lemma inner_l2_exp_kraus:
  assumes g: "square_summable g" and g_on: "\<And>m. g m \<in> ell2_on I"
    and A: "\<And>x. x \<in> l2 I \<Longrightarrow> A x = vec_of (rank_one_sum g (mk_ell2 x))"
    and x: "x \<in> l2 I"
  shows "summable (\<lambda>k. kraus_power_form g k (mk_ell2 x) / fact k)"
    and "inner_l2 x (exp_kraus I \<alpha> 1 A x)
      = complex_of_real (\<Sum>k. kraus_power_form g k (mk_ell2 x) / fact k)"
proof -
  define h where "h = mk_ell2 x"
  define T where "T = (\<lambda>k. cscale (complex_of_real (1 / fact k)) (rank_one_sum (word_family g k) h))"
  note E = exp_kraus_eq_suminf[OF g g_on A x, folded h_def, folded T_def]
  have "(\<lambda>k. cinner h (T k)) sums cinner h (suminf T)"
    by (rule bounded_linear.sums[OF bounded_linear_cinner_right summable_sums[OF E(1)]])
  moreover have "cinner h (T k) = complex_of_real (kraus_power_form g k h / fact k)" for k
    by (simp add: T_def cinner_cscale_right cinner_rank_one_sum_word_family[OF g g_on])
  ultimately have sums: "(\<lambda>k. complex_of_real (kraus_power_form g k h / fact k)) sums cinner h (suminf T)"
    by simp
  have "(\<lambda>k. kraus_power_form g k h / fact k) sums Re (cinner h (suminf T))"
    using sums_Re[OF sums] by (simp only: Re_complex_of_real)
  moreover have "(\<lambda>k. 0) sums Im (cinner h (suminf T))"
    using sums_Im[OF sums] by (simp only: Im_complex_of_real)
  then have "Im (cinner h (suminf T)) = 0" using sums_zero sums_unique2 by blast
  moreover have "inner_l2 x (exp_kraus I \<alpha> 1 A x) = cinner h (suminf T)"
    using vec_of_mk_ell2[OF x] by (simp add: E(2) h_def inner_l2_vec_of[symmetric])
  ultimately show "summable (\<lambda>k. kraus_power_form g k (mk_ell2 x) / fact k)"
    and "inner_l2 x (exp_kraus I \<alpha> 1 A x)
      = complex_of_real (\<Sum>k. kraus_power_form g k (mk_ell2 x) / fact k)"
    by (auto simp: h_def sums_iff complex_eq_iff)
qed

--- --- ---

• Exercise prompt:
Check every line of the entries for the string "moreover". Give only the number of lines that hold it.

• Task output:
3